In the case of a large three-dimensional object such as the enemy future tank 22, this is divided into parts such as the cockpit, the left driving part, the right driving part, and the barrel, and one of these parts 1 It is also possible to consider one as a three-dimensional object and assign the index to it. By doing this, these parts, such as the left drive,
It is possible to independently move the right side drive unit, the barrel, etc., and to draw the enemy future tank 22 that moves in a more realistic manner.

The terrain information storage unit 106 stores the terrain information of the game field 60 shown in FIG. 4 as height information, for example. The object information changing unit 108
By reading this topographical information, it is possible to change the position and direction information of the three-dimensional object stored in the object information storage unit 104. That is, for example, the position and direction information (X0
, Y0, Z0, θ0, φ0, ρ0),
The inclination and the like of the enemy future tank 22 is changed. This makes it possible to form a game space that reflects the terrain information. The details of the operation of the game space calculation unit 100 will be described later.

Next, the operation of the image synthesizing section 200 will be described.

First, the processing unit 214 reads the position and direction information of the three-dimensional object from the object information storage unit 104 using the index as an address. Similarly, the processing unit 214 reads the three-dimensional image information of the three-dimensional object from the three-dimensional image information storage unit 204 using the index as an address. For example, when the index is 0, the position and direction information (X0, Y0, Z0, θ0,
φ 0, ρ 0) is read from the object information storage unit 104, and the three-dimensional image information representing the enemy future tank 22 as a set of polygons is read from the three-dimensional image information storage unit 204.

The processing unit 214 sequentially reads the indexes in this way and converts these information into a data format as shown in FIG.
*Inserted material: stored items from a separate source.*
(* Let $\mathcal{H}$ be a hypertree, $T$ a host tree of $\mathcal{H}$, and $u,v$ two different vertices of $\mathcal{H}$. Then $uv$ is an edge of some host tree of $\mathcal{H}$ if and only if there exists an edge $e$ of the path $T[u,v]$ such that $I_\mathcal{H}(uv)=I_\mathcal{H}(e)$.
   Context: A hypergraph $\mathcal{H}$ has a finite vertex set $V(\mathcal{H})$ and a finite family of nonempty subsets (edges). A host tree is a tree on $V(\mathcal{H})$ in which every edge induces a connected subgraph; a hypertree is a hypergraph with a host tree. For $V'\subseteq V(\mathcal{H})$, $I_\mathcal{H}(V')$ is the intersection of all edges of $\mathcal{H}$ containing $V'$, or $V(\mathcal{H})$ if none does; for a pair, $I_\mathcal{H}(xy)=I_\mathcal{H}(\{x,y\})$, and for a tree edge $e=xy$, $I_\mathcal{H}(e)=I_\mathcal{H}(\{x,y\})$. $T[u,v]$ is the path in $T$ from $u$ to $v$. *)

theory Defs
  imports Main
begin

definition hypergraph :: "'a set \<Rightarrow> 'a set set \<Rightarrow> bool" where
  "hypergraph V E \<longleftrightarrow> finite V \<and> (\<forall>e\<in>E. e \<noteq> {} \<and> e \<subseteq> V)"

definition adj_in :: "'a set set \<Rightarrow> 'a set \<Rightarrow> ('a \<times> 'a) set" where
  "adj_in T S = {(x, y). {x, y} \<in> T \<and> x \<noteq> y \<and> x \<in> S \<and> y \<in> S}"

definition induces_connected :: "'a set set \<Rightarrow> 'a set \<Rightarrow> bool" where
  "induces_connected T S \<longleftrightarrow> (\<forall>x\<in>S. \<forall>y\<in>S. (x, y) \<in> (adj_in T S)\<^sup>*)"

definition graph_on :: "'a set \<Rightarrow> 'a set set \<Rightarrow> bool" where
  "graph_on V T \<longleftrightarrow> (\<forall>e\<in>T. \<exists>x y. x \<noteq> y \<and> x \<in> V \<and> y \<in> V \<and> e = {x, y})"

definition is_tree :: "'a set \<Rightarrow> 'a set set \<Rightarrow> bool" where
  "is_tree V T \<longleftrightarrow> graph_on V T \<and> induces_connected T V \<and>
     (\<forall>e\<in>T. \<not> induces_connected (T - {e}) V)"

definition host_tree :: "'a set \<Rightarrow> 'a set set \<Rightarrow> 'a set set \<Rightarrow> bool" where
  "host_tree V E T \<longleftrightarrow> is_tree V T \<and> (\<forall>e\<in>E. induces_connected T e)"

definition hypertree :: "'a set \<Rightarrow> 'a set set \<Rightarrow> bool" where
  "hypertree V E \<longleftrightarrow> hypergraph V E \<and> (\<exists>T. host_tree V E T)"

definition I_H :: "'a set \<Rightarrow> 'a set set \<Rightarrow> 'a set \<Rightarrow> 'a set" where
  "I_H V E X = (if \<exists>e\<in>E. X \<subseteq> e then \<Inter>{e\<in>E. X \<subseteq> e} else V)"

definition is_vpath :: "'a set set \<Rightarrow> 'a list \<Rightarrow> bool" where
  "is_vpath T ps \<longleftrightarrow> ps \<noteq> [] \<and> distinct ps \<and>
     (\<forall>i. Suc i < length ps \<longrightarrow> {ps ! i, ps ! Suc i} \<in> T)"

text \<open>Edges of the path T[u,v] (in a tree this path is unique).\<close>
definition path_edges :: "'a set set \<Rightarrow> 'a \<Rightarrow> 'a \<Rightarrow> 'a set set" where
  "path_edges T u v = {{ps ! i, ps ! Suc i} | ps i.
      is_vpath T ps \<and> hd ps = u \<and> last ps = v \<and> Suc i < length ps}"
(* Let $p$ be a positive stochastic choice function on a finite set $X$ such that (a) there exist $a,b,c\in X$ with $a\not\simeq_p b$, $b\not\simeq_p c$, $a\not\simeq_p c$, and (b) for every $x\in X$ there exist $y,z\in X$ with $x\bowtie_p y$, $y\bowtie_p z$ and $x\bowtie_p z$. If $p$ satisfies Generalized Independence of Symmetric Alternatives and Consistency of Revealed Similarities, then $p$ is a 3-step Nested Stochastic Choice.
   Context: $\mathscr{A}$ is the collection of nonempty subsets of $X$; $p(x,A)=0$ for $x\notin A$, $\sum_{a\in A}p(a,A)=1$, $p(a,A)>0$ for $a\in A$; $A\cup x=A\cup\{x\}$. $a\sim_p b$ means $\frac{p(a,A)}{p(b,A)}=\frac{p(a,\{a,b\})}{p(b,\{a,b\})}$ for all $A\ni a,b$. Approximate revealed similarity: $a\bowtie_p b$ iff $a\not\sim_p b$ and $\frac{p(a,A)}{p(b,A)}=\frac{p(a,A\cup x)}{p(b,A\cup x)}$ for every $A\in\mathscr{A}$ (containing $a,b$) and every $x\notin A$ with $x\not\sim_p a$ and $x\not\sim_p b$. Write $a\simeq_p b$ iff $a\sim_p b$ or $a\bowtie_p b$. Generalized Independence of Symmetric Alternatives: for any $A\in\mathscr{A}$, $a,b\in A$, $x\notin A$, if ($a\sim_p x$ and $b\sim_p x$) or ($a\bowtie_p x$ and $b\bowtie_p x$) or ($a\not\simeq_p x$ and $b\not\simeq_p x$), then $\frac{p(a,A)}{p(b,A)}=\frac{p(a,A\cup x)}{p(b,A\cup x)}$. Consistency of Revealed Similarities: for any $x,y,x'\in X$ with $x\sim_p x'$: $x\bowtie_p y$ iff $x'\bowtie_p y$. 3-step NSC: there exist a partition $X_1,\dots,X_K$ of $X$, for each $k$ a partition $X_k^1,\dots,X_k^{q_k}$ of $X_k$, and functions $u:X\to\mathbb{R}_{++}$, $w:\bigcup_{i}2^{X_i}\to\mathbb{R}_+$, $v:\bigcup_k\bigcup_l 2^{X_k^l}\to\mathbb{R}_+$ with $w(\emptyset)=v(\emptyset)=0$, such that for every $A\in\mathscr{A}$ and $x\in A\cap X_k^j$, $p(x,A)=\frac{u(x)}{\sum_{y\in A\cap X_k^j}u(y)}\cdot\frac{v(A\cap X_k^j)}{\sum_{l=1}^{q_k}v(A\cap X_k^l)}\cdot\frac{w(A\cap X_k)}{\sum_{i=1}^K w(A\cap X_i)}$. *)

theory Defs
  imports Complex_Main "HOL-Library.Disjoint_Sets"
begin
FIG. 8A shows an overall view of this data format. As shown in the figure, the data to be processed is configured such that the frame data is at the head and the object data of all three-dimensional objects displayed in this frame are continuous. Then, after this object data, polygon data of polygons forming the three-dimensional object is further arranged.

Here, the frame data refers to data formed by parameters that change for each frame, and is common to all three-dimensional objects in one frame. The viewpoint position, viewpoint direction, and viewing angle of the player. It is composed of data such as information, monitor angle / size information, and light source information. These data are set for each frame. For example, when a window or the like is formed on the display screen, different frame data is set for each window. By this, on the display screen, for example, a rearview mirror,
It is possible to form a screen or the like of the enemy future tank 22 viewed from above.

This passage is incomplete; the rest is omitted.